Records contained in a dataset
==*==

lemma walk_connected_axis_steps:
  "(\<And>m. m \<le> n \<Longrightarrow> a + axis l (int m) \<in> A) \<Longrightarrow> walk_connected A a (a + axis l (int n))"
proof (induction n)
  case 0
  have "axis l (0::int) = 0" by (simp add: axis_def vec_eq_iff)
  then show ?case
    using 0 walk_connected_refl[of a A] by (metis add.right_neutral of_nat_0 order_refl)
next
  case (Suc n)
  have "a + axis l (int (Suc n)) = (a + axis l (int n)) + axis l 1"
    by (simp add: axis_def vec_eq_iff)
  then have "walk_connected A (a + axis l (int n)) (a + axis l (int (Suc n)))"
    using Suc.prems adj_add_axis by (metis le_Suc_eq order_refl walk_connected_adj)
  then show ?case using Suc walk_connected_trans by (metis le_SucI)
qed

lemma walk_connected_axis:
  assumes "\<And>m. m \<noteq> l \<Longrightarrow> a $ m = b $ m"
    and "\<And>z. (\<And>m. m \<noteq> l \<Longrightarrow> z $ m = a $ m) \<Longrightarrow> min (a $ l) (b $ l) \<le> z $ l \<Longrightarrow>
           z $ l \<le> max (a $ l) (b $ l) \<Longrightarrow> z \<in> A"
  shows "walk_connected A a b"
proof -
  have ordered: "walk_connected A a b"
    if "a $ l \<le> b $ l" "\<And>m. m \<noteq> l \<Longrightarrow> a $ m = b $ m"
      and in_A: "\<And>z. (\<And>m. m \<noteq> l \<Longrightarrow> z $ m = a $ m) \<Longrightarrow> a $ l \<le> z $ l \<Longrightarrow> z $ l \<le> b $ l \<Longrightarrow> z \<in> A"
    for a b
  proof -
    define n where "n = nat (b $ l - a $ l)"
    have "b = a + axis l (int n)"
      using that(1,2) by (auto simp: n_def axis_def vec_eq_iff)
    moreover have "a + axis l (int m) \<in> A" if "m \<le> n" for m
      using that \<open>b = a + axis l (int n)\<close> by (intro in_A) (auto simp: axis_def)
    ultimately show ?thesis using walk_connected_axis_steps by metis
  qed
  show ?thesis
  proof (cases "a $ l \<le> b $ l")
    case True
    then show ?thesis using ordered[of a b] assms by (simp add: min_def max_def)
  next
    case False
    then have "walk_connected A b a" using ordered[of b a] assms by (simp add: min_def max_def)
    then show ?thesis by (rule walk_connected_sym)
  qed
qed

==*==

**Task instructions**
Only a number should come back: the count of lines above that include "thesis".

**Expected output**
4